Saturday, August 8, 2009

Words We Heart Together

The month of August began like any other month - fast-paced and same-ole'-same-ole'. But not for long. A trip to the fire dept then to ER would lead down a road not traveled by me but by many others. It would be the beginning of getting acquainted with PINK. So now i knew why the Lord had directed me to begin this new blog in pink. Where am I going, Lord, it does not matter as long as I go with YOU.

Yesterday began with a surgeon's visit to see what he was thinking. I don't think he really cares much what i am thinking. A few scarcastic remarks set me not feeling 100% he is the doctor for me. We'll see. I would like the bedside manner to be pleasing too. Then headed to my naturopathic for advise. Had something similar to a massage on my electrical pulses. Very interesting.

So Lord i am directed back to Psalm 139 and how you formed me. You are a great God and greatly to be praised.

How do i represent YOU in all of this maze of decisions, Lord? Passion - i have a feeling i am going to begin to experience my passion, to live my passion more than ever.

Wednesday, July 1, 2009

Burning Passion

Lord you directed my steps to the book section at Walmart yesterday. You orchestrated a moment of decision to purchase and devour "So You Don't Want To Go To Church Anymore -
an unexpected journey". My heart is filled with regret, longing, and passion. Regret that i have allowed myself to believe others can fill me with their understanding and knowledge of YOU.

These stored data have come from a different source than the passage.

(* For every admissible pair $(a,b)$ (as described in the context), the canonical cube category $\mathbb{C}_{(a,b)}$ is isomorphic to the monoidal subcategory $\mathcal{S}_{(a,b)}$ of $(\mathbf{Top},\times,1)$ generated by the interval $[0,1]$ with respect to the language $L_{(a,b)}$.
   Context: Structural rules: $\mathsf{w}$ (weakening), $\mathsf{e}$ (exchange), $\mathsf{c}$ (contraction). The admissible sets of structural rules $a$ are $\emptyset,\{\mathsf w\},\{\mathsf e\},\{\mathsf w,\mathsf e\},\{\mathsf e,\mathsf c\},\{\mathsf w,\mathsf e,\mathsf c\}$. The admissible signatures $b$ are $(0,1)$, $(0,1,\vee)$, $(0,1,\wedge)$, $(0,1,\vee,\wedge)$, $(0,1,{}')$, $(0,1,\vee,\wedge,{}')$, where $0,1$ are constants, $\vee,\wedge$ binary and ${}'$ unary. The language $L_{(a,b)}$ has terms built from variables and the function symbols of $b$. The canonical cube category $\mathbb{C}_{(a,b)}$ is the syntactic (strict monoidal) category of the theory of the structure $[0,1]$ (with $0,1$ the endpoints, $x\vee y=\max\{x,y\}$, $x\wedge y=\min\{x,y\}$, $x'=1-x$) in $L_{(a,b)}$: its objects are $[n]$, $n\ge 0$ (contexts of $n$ variables $x_1,\dots,x_n$), with $[m]\otimes[n]=[m+n]$; a morphism $[m]\to[n]$ is an $n$-tuple $(t_1,\dots,t_n)$ of terms in the context $x_1,\dots,x_m$ such that, listing all variable occurrences in $t_1,\dots,t_n$ from left to right, every variable occurs unless $\mathsf w\in a$, the variables occur in the order $x_1,\dots,x_m$ unless $\mathsf e\in a$, and no variable occurs twice unless $\mathsf c\in a$; two such tuples are identified when they define the same function $[0,1]^m\to[0,1]^n$; composition is substitution. The subcategory $\mathcal S_{(a,b)}$ of $\mathbf{Top}$ has objects $[0,1]^n$ and morphisms generated, under composition and cartesian product of maps, by identities, the operations of $b$ on $[0,1]$ (the points $0,1:1\to[0,1]$, $\max$, $\min$, $x\mapsto 1-x$ as applicable), and the structural maps allowed by $a$: the map $[0,1]\to 1$ if $\mathsf w\in a$, the swap $[0,1]^2\to[0,1]^2$ if $\mathsf e\in a$, the diagonal $[0,1]\to[0,1]^2$ if $\mathsf c\in a$. *)

theory Defs
  imports Main "HOL-Library.FuncSet" Complex_Main
begin
lemma AA1_of_large_terminal_values:
  assumes "\<alpha> > 0"
    and large: "\<And>k. \<exists>Y\<in>(\<Union>n\<in>{1..}. Xn \<A> \<X> n).
                   measure M {\<omega>\<in>space M. real k * real (Suc k) \<le> Y 1 \<omega>} \<ge> \<alpha>"
  shows "AA1 M \<A> \<X>"
proof -
  obtain Y where Y: "\<And>k. Y k \<in> (\<Union>n\<in>{1..}. Xn \<A> \<X> n)"
    and Y_large: "\<And>k. measure M {\<omega>\<in>space M. real k * real (Suc k) \<le> Y k 1 \<omega>} \<ge> \<alpha>"
    using large by metis
  define \<epsilon> :: "nat \<Rightarrow> real" where "\<epsilon> k = inverse (real (Suc k))" for k
  have "{\<omega>\<in>space M. real k \<le> \<epsilon> k * Y k 1 \<omega>}
        = {\<omega>\<in>space M. real k * real (Suc k) \<le> Y k 1 \<omega>}" for k
    unfolding \<epsilon>_def by (auto simp: field_simps)
  then have scaled_large: "\<forall>k. measure M {\<omega>\<in>space M. real k \<le> \<epsilon> k * Y k 1 \<omega>} \<ge> \<alpha>"
    using Y_large by simp
  have \<epsilon>: "\<forall>k. \<epsilon> k > 0" "\<epsilon> \<longlonglongrightarrow> 0"
    unfolding \<epsilon>_def using LIMSEQ_inverse_real_of_nat by auto
  have scaled_wealth: "\<forall>k. \<exists>Y'\<in>(\<Union>n\<in>{1..}. Xn \<A> \<X> n). (\<lambda>t \<omega>. \<epsilon> k * Y k t \<omega>) = (\<lambda>t \<omega>. \<epsilon> k * Y' t \<omega>)"
  proof
    fix k show "\<exists>Y'\<in>(\<Union>n\<in>{1..}. Xn \<A> \<X> n). (\<lambda>t \<omega>. \<epsilon> k * Y k t \<omega>) = (\<lambda>t \<omega>. \<epsilon> k * Y' t \<omega>)"
      using Y[of k] by (intro bexI[of _ "Y k"]) auto
  qed
  show ?thesis
    unfolding AA1_def
    by (rule exI[of _ \<alpha>], rule conjI[OF \<open>\<alpha> > 0\<close>], rule exI[of _ \<epsilon>], rule exI[of _ real],
        rule exI[of _ "\<lambda>k t \<omega>. \<epsilon> k * Y k t \<omega>"])
       (intro conjI \<epsilon> scaled_large scaled_wealth filterlim_real_sequentially)
qed
lemma index_lists_with_counts:
  assumes "\<gamma> \<in> multi_indices n k"
  shows "{s \<in> index_lists n k. count_list s = \<gamma>}
           = permutations_of_multiset (mset (list_of_multi_index n \<gamma>))"
proof -
  have counts: "count_list (list_of_multi_index n \<gamma>) = \<gamma>"
    using assms by (rule count_list_of_multi_index_eq)
  have "s \<in> index_lists n k \<and> count_list s = \<gamma> \<longleftrightarrow> mset s = mset (list_of_multi_index n \<gamma>)" for s
  proof
    assume mset_s: "mset s = mset (list_of_multi_index n \<gamma>)"
    then have "set s = set (list_of_multi_index n \<gamma>)"
      by (metis set_mset_mset)
    moreover have "length s = k"
      using mset_eq_length[OF mset_s] assms
      by (simp add: length_list_of_multi_index multi_indices_def)
    moreover have "count_list s = \<gamma>"
      using mset_s counts by (metis count_mset ext)
    ultimately show "s \<in> index_lists n k \<and> count_list s = \<gamma>"
      using set_list_of_multi_index by (auto simp: index_lists_def)
  qed (use counts in \<open>auto simp: multiset_eq_iff count_mset\<close>)
  then show ?thesis
    by (auto simp: permutations_of_multiset_def)
qed

lemma card_index_lists_with_counts:
  assumes "\<gamma> \<in> multi_indices n k"
  shows "card {s \<in> index_lists n k. count_list s = \<gamma>} * (\<Prod>i<n. fact (\<gamma> i)) = fact k"
proof -
  define A where "A = mset (list_of_multi_index n \<gamma>)"
  have count_A: "count A i = (if i < n then \<gamma> i else 0)" for i
    by (simp add: A_def count_mset count_list_of_multi_index)
  have "(\<Prod>i\<in>set_mset A. fact (count A i) :: nat) = (\<Prod>i<n. fact (count A i))"
    using set_list_of_multi_index
    by (intro prod.mono_neutral_left) (auto simp: A_def count_mset)
  also have "\<dots> = (\<Prod>i<n. fact (\<gamma> i))"
    by (simp add: count_A)
  finally have "card (permutations_of_multiset A) * (\<Prod>i<n. fact (\<gamma> i)) = fact (size A)"
    using card_permutations_of_multiset_aux[of A] by simp
  moreover have "size A = k"
    using assms by (simp add: A_def length_list_of_multi_index multi_indices_def)
  ultimately show ?thesis
    using index_lists_with_counts[OF assms] by (simp add: A_def)
qed

lemma sum_index_lists_multinomial:
  fixes g :: "nat list \<Rightarrow> 'a :: field_char_0"
  assumes "\<And>s. s \<in> index_lists n k \<Longrightarrow> g (sort s) = g s"
  shows "(\<Sum>s\<in>index_lists n k. g s)
           = (\<Sum>\<gamma>\<in>multi_indices n k. fact k / (\<Prod>i<n. fact (\<gamma> i)) * g (list_of_multi_index n \<gamma>))"
proof -
  define fiber where "fiber \<gamma> = {s \<in> index_lists n k. count_list s = \<gamma>}" for \<gamma>
  have "(\<Sum>s\<in>index_lists n k. g s) = (\<Sum>\<gamma>\<in>multi_indices n k. \<Sum>s\<in>fiber \<gamma>. g s)"
    unfolding multi_indices_eq_image fiber_def
    by (rule sum.image_gen) (rule finite_index_lists)
  also have "\<dots> = (\<Sum>\<gamma>\<in>multi_indices n k. of_nat (card (fiber \<gamma>)) * g (list_of_multi_index n \<gamma>))"
  proof (intro sum.cong refl)
    fix \<gamma> assume "\<gamma> \<in> multi_indices n k"
    have "g s = g (list_of_multi_index n \<gamma>)" if "s \<in> fiber \<gamma>" for s
      using that assms list_of_multi_index_count_list[of s n]
      by (auto simp: fiber_def index_lists_def)
    then show "(\<Sum>s\<in>fiber \<gamma>. g s) = of_nat (card (fiber \<gamma>)) * g (list_of_multi_index n \<gamma>)"
      by simp
  qed
  also have "\<dots> = (\<Sum>\<gamma>\<in>multi_indices n k. fact k / (\<Prod>i<n. fact (\<gamma> i)) * g (list_of_multi_index n \<gamma>))"
  proof (intro sum.cong refl)
    fix \<gamma> assume "\<gamma> \<in> multi_indices n k"
    then have "of_nat (card (fiber \<gamma>) * (\<Prod>i<n. fact (\<gamma> i))) = (of_nat (fact k) :: 'a)"
      unfolding fiber_def by (subst card_index_lists_with_counts) simp_all
    then have "of_nat (card (fiber \<gamma>)) * (\<Prod>i<n. fact (\<gamma> i)) = (fact k :: 'a)"
      by (simp add: of_nat_prod)
    moreover have "(\<Prod>i<n. fact (\<gamma> i) :: 'a) \<noteq> 0"
      by simp
    ultimately show "of_nat (card (fiber \<gamma>)) * g (list_of_multi_index n \<gamma>)
        = fact k / (\<Prod>i<n. fact (\<gamma> i)) * g (list_of_multi_index n \<gamma>)"
      by (simp add: field_simps)
  qed
  finally show ?thesis .
qed

locale prob_vector =
  fixes n :: nat and \<xi> :: "nat \<Rightarrow> real"
  assumes nonneg: "\<And>i. i < n \<Longrightarrow> 0 \<le> \<xi> i"
    and sum_eq_1: "(\<Sum>i<n. \<xi> i) = 1"
begin

lemma softmax_denominator_pos: "0 < (\<Sum>k<n. \<xi> k * exp (z k))"
proof -
  have "\<exists>k<n. 0 < \<xi> k"
  proof (rule ccontr)
    assume "\<not> (\<exists>k<n. 0 < \<xi> k)"
    then have "(\<Sum>i<n. \<xi> i) \<le> 0"
      by (intro sum_nonpos) (meson lessThan_iff not_less)
    with sum_eq_1 show False
      by simp
  qed
  then obtain k where k: "k < n" "0 < \<xi> k"
    by blast
  then have "0 < \<xi> k * exp (z k)"
    by simp
  also have "\<dots> \<le> (\<Sum>k<n. \<xi> k * exp (z k))"
    using k by (intro member_le_sum) (auto simp: nonneg)
  finally show ?thesis .
qed

lemma phi_has_partial_derivative:
  assumes "i < n"
  shows "((\<lambda>t. phi n \<xi> m (z(i := z i + t))) has_real_derivative
           phi n \<xi> m z * (of_bool (m = i) - phi n \<xi> i z)) (at 0)"
proof -
  define S where "S = (\<Sum>k<n. \<xi> k * exp (z k))"
  have "S > 0"
    unfolding S_def by (rule softmax_denominator_pos)
  have denominator: "(\<Sum>k<n. \<xi> k * exp ((z(i := z i + t)) k)) = S + \<xi> i * exp (z i) * (exp t - 1)" for t
  proof -
    have "(\<Sum>k<n. \<xi> k * exp ((z(i := z i + t)) k))
        = (\<Sum>k<n. \<xi> k * exp (z k) + (if k = i then \<xi> i * exp (z i) * (exp t - 1) else 0))"
      by (intro sum.cong) (auto simp: exp_add algebra_simps)
    also have "\<dots> = S + \<xi> i * exp (z i) * (exp t - 1)"
      using assms by (simp add: sum.distrib S_def)
    finally show ?thesis .
  qed
  have "phi n \<xi> m (z(i := z i + t)) = \<xi> m * exp (z m + of_bool (m = i) * t) / (S + \<xi> i * exp (z i) * (exp t - 1))" for t
    unfolding phi_def denominator by simp
  moreover have "((\<lambda>t. \<xi> m * exp (z m + of_bool (m = i) * t) / (S + \<xi> i * exp (z i) * (exp t - 1)))
      has_real_derivative phi n \<xi> m z * (of_bool (m = i) - phi n \<xi> i z)) (at 0)"
    using \<open>S > 0\<close>
    by (auto intro!: derivative_eq_intros simp: phi_def S_def[symmetric] field_simps power2_eq_square)
  ultimately show ?thesis
    by simp
qed

text \<open>A pair \<open>(c, ms)\<close> stands for the monomial \<open>c \<Prod>\<^bsub>m \<in> ms\<^esub> \<phi>\<^sub>m\<close> in the softmax components,
  a list of pairs for the sum of its monomials.\<close>

type_synonym phi_poly = "(real \<times> nat list) list"

definition phi_monomial :: "nat list \<Rightarrow> (nat \<Rightarrow> real) \<Rightarrow> real" where
  "phi_monomial ms z = (\<Prod>m\<leftarrow>ms. phi n \<xi> m z)"

definition eval_poly :: "phi_poly \<Rightarrow> (nat \<Rightarrow> real) \<Rightarrow> real" where
  "eval_poly p z = (\<Sum>(c, ms)\<leftarrow>p. c * phi_monomial ms z)"

definition partial_monomial :: "nat \<Rightarrow> real \<times> nat list \<Rightarrow> phi_poly" where
  "partial_monomial i t = (case t of (c, ms) \<Rightarrow>
     [(c * of_nat (count_list ms i), ms), (- c * of_nat (length ms), i # ms)])"

definition partial_poly :: "nat \<Rightarrow> phi_poly \<Rightarrow> phi_poly" where
  "partial_poly i p = concat (map (partial_monomial i) p)"

definition weight :: "phi_poly \<Rightarrow> real" where
  "weight p = (\<Sum>(c, ms)\<leftarrow>p. \<bar>c\<bar> * (\<Prod>m\<leftarrow>ms. \<xi> m))"

definition well_indexed :: "phi_poly \<Rightarrow> bool" where
  "well_indexed p \<longleftrightarrow> (\<forall>(c, ms)\<in>set p. set ms \<subseteq> {..<n})"

definition degree_le :: "nat \<Rightarrow> phi_poly \<Rightarrow> bool" where
  "degree_le d p \<longleftrightarrow> (\<forall>(c, ms)\<in>set p. length ms \<le> d)"

lemma phi_monomial_simps [simp]:
  "phi_monomial [] z = 1"
  "phi_monomial (m # ms) z = phi n \<xi> m z * phi_monomial ms z"
  by (simp_all add: phi_monomial_def)

lemma eval_poly_simps [simp]:
  "eval_poly [] z = 0"
  "eval_poly ((c, ms) # p) z = c * phi_monomial ms z + eval_poly p z"
  "eval_poly (p @ q) z = eval_poly p z + eval_poly q z"
  by (simp_all add: eval_poly_def)

lemma partial_poly_simps [simp]:
  "partial_poly i [] = []"
  "partial_poly i (t # p) = partial_monomial i t @ partial_poly i p"
  by (simp_all add: partial_poly_def)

A longing inside, deep inside, to get to know YOU even more intimate. That Song Of Solomon relationship. I'm wondering what does "passion" for YOU really look like, how does it really express its self? Michael West's "Motion" expresses some of what i feel but not even close.




Burning Passion, A Heart's Burning Passion to know YOU more!!

Sunday, June 28, 2009

The Ultimate Surrender

i'm thinking of you again, Lord Jesus. what you did for me, the ultimate price you paid for my freedom. the tears came on like a flood last night.
your beauty
your surrender
your loss my gain
your suffering my freedom

i become overwhelmed with the thoughts of it all
and
express my gratitude in a river of tears flooding down my face washing it clean.
washing me clean.

Friday, June 26, 2009

Firm Foundation


in order for a dress to fit properly it has to be fitted to your body shape.
i loved working on a page for lady di, she is a wonderful steamstress and artist.

do you have a firm foundation in your life with Jesus Christ?
try it on and see if it fits, i challenge you!

Wednesday, June 24, 2009

Song Of Solomon Doodle

i spent yesterday evening reading and reading the first several verses of SoS
my doodle page after reflecting on my Beloved scripture verse.

I am HIS Beloved
a kiss upon lips
name poured out
smell of sweet perfume
King's chambers
FRIENDS

Tuesday, June 23, 2009

BE-fitting Room

BE-fitting Paper Doll





not sure why but felt compelled to begin a new blog

after watching Beth Moore speaking on her most desired goal ;

to feel the passion of knowing and loving God more.

TO BE totally in love - consumed with the love you express.

my goal - To BE fitting for the King of Kings.

Here's a question: why is it that we love anything vintage

meaning another word for old? and yet our society

disregards the wisdom of our elders?